Start of Block

(* Let $L_1,\dots,L_r$ be linear functionals on complex Laurent polynomials satisfying $L_j[w^k]=L_j[w^{-k}]$ for all $k\in\mathbb N$ and all $j$. Then for $(\bm n;\bm m)\in\mathfrak C_{2r}$, $(\bm n;\bm m)$ is normal if and only if $(\bm m;\bm n)$ is normal, and in that case $\Phi^*_{\bm n;\bm m}(z)=\Phi_{\bm m;\bm n}(1/z)$, $\bm\Xi^*_{\bm n;\bm m}(z)=\bm\Xi_{\bm m;\bm n}(1/z)$, $\alpha_{\bm n;\bm m}=\beta_{\bm m;\bm n}$, $\rho_{\bm n;\bm m,j}=\sigma_{\bm m;\bm n,j}$ (whenever these are defined), and $\gamma^{k\ell}_{\bm n;\bm m}=\eta^{k\ell}_{\bm m;\bm n}$ (whenever these are defined).
   Context: Fix $r\ge1$; $\mathbb N=\{0,1,2,\dots\}$; $\bm e_j$ is the $j$-th standard unit vector of $\mathbb Z^r$; for $\bm v\in\mathbb Z^r$, $|\bm v|=v_1+\dots+v_r$ (signed). Let $c_{k,j}=L_j[w^{-k}]$. $\mathfrak C_{2r}=\{(\bm n;\bm m)\in\mathbb Z^r\times\mathbb Z^r:n_j+m_j\ge0\ \forall j\}$. For $(\bm n;\bm m)\in\mathfrak C_{2r}$, $\bm n\ne-\bm m$, $T_{\bm n;\bm m}$ is the square matrix of size $|\bm n|+|\bm m|$ with rows indexed by $(j,k)$, $1\le j\le r$, $-m_j\le k\le n_j-1$ (ordered by $j$, then increasing $k$), columns indexed by $i=-|\bm m|,\dots,|\bm n|-1$, entries $c_{k-i,j}$; $T_{\bm n;-\bm n}:=1$; normal means $\det T_{\bm n;\bm m}\ne0$. For normal $(\bm n;\bm m)$, $\bm n\ne-\bm m$: $\Phi_{\bm n;\bm m}$ is the unique Laurent polynomial in $\operatorname{span}\{z^k\}_{k=-|\bm m|}^{|\bm n|}$ with $z^{|\bm n|}$-coefficient $1$ and $L_j[\Phi_{\bm n;\bm m}(w)w^{-k}]=0$ for $-m_j\le k\le n_j-1$, all $j$; $\Phi^*_{\bm n;\bm m}$ is the unique one in that span with $z^{-|\bm m|}$-coefficient $1$ and $L_j[\Phi^*_{\bm n;\bm m}(w)w^{-k}]=0$ for $-m_j+1\le k\le n_j$; $\bm\Xi_{\bm n;\bm m}=(\Xi_{\bm n;\bm m,j})_{j=1}^r$ is the unique vector with $\Xi_{\bm n;\bm m,j}\in\operatorname{span}\{z^k\}_{k=-n_j}^{m_j-1}$, $\sum_jL_j[\Xi_{\bm n;\bm m,j}(w)w^{-k}]=0$ for $-|\bm n|+1\le k\le|\bm m|-1$ and $=1$ for $k=-|\bm n|$; $\bm\Xi^*_{\bm n;\bm m}$ is the unique vector with $\Xi^*_{\bm n;\bm m,j}\in\operatorname{span}\{z^k\}_{k=-n_j+1}^{m_j}$, the same vanishing conditions, and $=1$ for $k=|\bm m|$. For $\bm n=-\bm m$: $\Phi=\Phi^*=1$, $\bm\Xi=\bm\Xi^*=\bm0$. $\alpha_{\bm n;\bm m}$ := $z^{-|\bm m|}$-coefficient of $\Phi_{\bm n;\bm m}$; $\beta_{\bm n;\bm m}$ := $z^{|\bm n|}$-coefficient of $\Phi^*_{\bm n;\bm m}$. $\rho_{\bm n;\bm m,j}=L_j[\Phi_{\bm n;\bm m}(w)w^{-n_j}]/L_j[\Phi_{\bm n-\bm e_j;\bm m}(w)w^{-n_j+1}]$ (defined when $(\bm n;\bm m),(\bm n-\bm e_j;\bm m)\in\mathfrak C_{2r}$ are normal) and $\sigma_{\bm n;\bm m,j}=L_j[\Phi^*_{\bm n;\bm m}(w)w^{m_j}]/L_j[\Phi^*_{\bm n;\bm m-\bm e_j}(w)w^{m_j-1}]$ (defined when $(\bm n;\bm m),(\bm n;\bm m-\bm e_j)\in\mathfrak C_{2r}$ are normal). For $k\ne\ell$: $\gamma^{k\ell}_{\bm n;\bm m}=L_\ell[\Phi_{\bm n+\bm e_k;\bm m}(w)w^{-n_\ell}]/L_\ell[\Phi_{\bm n;\bm m}(w)w^{-n_\ell}]$ (defined when $(\bm n;\bm m),(\bm n+\bm e_k;\bm m),(\bm n+\bm e_\ell;\bm m)$ are normal) and $\eta^{k\ell}_{\bm n;\bm m}=L_\ell[\Phi^*_{\bm n;\bm m+\bm e_k}(w)w^{m_\ell}]/L_\ell[\Phi^*_{\bm n;\bm m}(w)w^{m_\ell}]$ (defined when $(\bm n;\bm m),(\bm n;\bm m+\bm e_k),(\bm n;\bm m+\bm e_\ell)$ are normal). *)

theory Defs
  imports Complex_Main "Jordan_Normal_Form.Determinant"
begin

End of Block

Transcribe all of the data, keeping every line identical.

(* Let $L_1,\dots,L_r$ be linear functionals on complex Laurent polynomials satisfying $L_j[w^k]=L_j[w^{-k}]$ for all $k\in\mathbb N$ and all $j$. Then for $(\bm n;\bm m)\in\mathfrak C_{2r}$, $(\bm n;\bm m)$ is normal if and only if $(\bm m;\bm n)$ is normal, and in that case $\Phi^*_{\bm n;\bm m}(z)=\Phi_{\bm m;\bm n}(1/z)$, $\bm\Xi^*_{\bm n;\bm m}(z)=\bm\Xi_{\bm m;\bm n}(1/z)$, $\alpha_{\bm n;\bm m}=\beta_{\bm m;\bm n}$, $\rho_{\bm n;\bm m,j}=\sigma_{\bm m;\bm n,j}$ (whenever these are defined), and $\gamma^{k\ell}_{\bm n;\bm m}=\eta^{k\ell}_{\bm m;\bm n}$ (whenever these are defined).
   Context: Fix $r\ge1$; $\mathbb N=\{0,1,2,\dots\}$; $\bm e_j$ is the $j$-th standard unit vector of $\mathbb Z^r$; for $\bm v\in\mathbb Z^r$, $|\bm v|=v_1+\dots+v_r$ (signed). Let $c_{k,j}=L_j[w^{-k}]$. $\mathfrak C_{2r}=\{(\bm n;\bm m)\in\mathbb Z^r\times\mathbb Z^r:n_j+m_j\ge0\ \forall j\}$. For $(\bm n;\bm m)\in\mathfrak C_{2r}$, $\bm n\ne-\bm m$, $T_{\bm n;\bm m}$ is the square matrix of size $|\bm n|+|\bm m|$ with rows indexed by $(j,k)$, $1\le j\le r$, $-m_j\le k\le n_j-1$ (ordered by $j$, then increasing $k$), columns indexed by $i=-|\bm m|,\dots,|\bm n|-1$, entries $c_{k-i,j}$; $T_{\bm n;-\bm n}:=1$; normal means $\det T_{\bm n;\bm m}\ne0$. For normal $(\bm n;\bm m)$, $\bm n\ne-\bm m$: $\Phi_{\bm n;\bm m}$ is the unique Laurent polynomial in $\operatorname{span}\{z^k\}_{k=-|\bm m|}^{|\bm n|}$ with $z^{|\bm n|}$-coefficient $1$ and $L_j[\Phi_{\bm n;\bm m}(w)w^{-k}]=0$ for $-m_j\le k\le n_j-1$, all $j$; $\Phi^*_{\bm n;\bm m}$ is the unique one in that span with $z^{-|\bm m|}$-coefficient $1$ and $L_j[\Phi^*_{\bm n;\bm m}(w)w^{-k}]=0$ for $-m_j+1\le k\le n_j$; $\bm\Xi_{\bm n;\bm m}=(\Xi_{\bm n;\bm m,j})_{j=1}^r$ is the unique vector with $\Xi_{\bm n;\bm m,j}\in\operatorname{span}\{z^k\}_{k=-n_j}^{m_j-1}$, $\sum_jL_j[\Xi_{\bm n;\bm m,j}(w)w^{-k}]=0$ for $-|\bm n|+1\le k\le|\bm m|-1$ and $=1$ for $k=-|\bm n|$; $\bm\Xi^*_{\bm n;\bm m}$ is the unique vector with $\Xi^*_{\bm n;\bm m,j}\in\operatorname{span}\{z^k\}_{k=-n_j+1}^{m_j}$, the same vanishing conditions, and $=1$ for $k=|\bm m|$. For $\bm n=-\bm m$: $\Phi=\Phi^*=1$, $\bm\Xi=\bm\Xi^*=\bm0$. $\alpha_{\bm n;\bm m}$ := $z^{-|\bm m|}$-coefficient of $\Phi_{\bm n;\bm m}$; $\beta_{\bm n;\bm m}$ := $z^{|\bm n|}$-coefficient of $\Phi^*_{\bm n;\bm m}$. $\rho_{\bm n;\bm m,j}=L_j[\Phi_{\bm n;\bm m}(w)w^{-n_j}]/L_j[\Phi_{\bm n-\bm e_j;\bm m}(w)w^{-n_j+1}]$ (defined when $(\bm n;\bm m),(\bm n-\bm e_j;\bm m)\in\mathfrak C_{2r}$ are normal) and $\sigma_{\bm n;\bm m,j}=L_j[\Phi^*_{\bm n;\bm m}(w)w^{m_j}]/L_j[\Phi^*_{\bm n;\bm m-\bm e_j}(w)w^{m_j-1}]$ (defined when $(\bm n;\bm m),(\bm n;\bm m-\bm e_j)\in\mathfrak C_{2r}$ are normal). For $k\ne\ell$: $\gamma^{k\ell}_{\bm n;\bm m}=L_\ell[\Phi_{\bm n+\bm e_k;\bm m}(w)w^{-n_\ell}]/L_\ell[\Phi_{\bm n;\bm m}(w)w^{-n_\ell}]$ (defined when $(\bm n;\bm m),(\bm n+\bm e_k;\bm m),(\bm n+\bm e_\ell;\bm m)$ are normal) and $\eta^{k\ell}_{\bm n;\bm m}=L_\ell[\Phi^*_{\bm n;\bm m+\bm e_k}(w)w^{m_\ell}]/L_\ell[\Phi^*_{\bm n;\bm m}(w)w^{m_\ell}]$ (defined when $(\bm n;\bm m),(\bm n;\bm m+\bm e_k),(\bm n;\bm m+\bm e_\ell)$ are normal). *)

theory Defs
  imports Complex_Main "Jordan_Normal_Form.Determinant"
begin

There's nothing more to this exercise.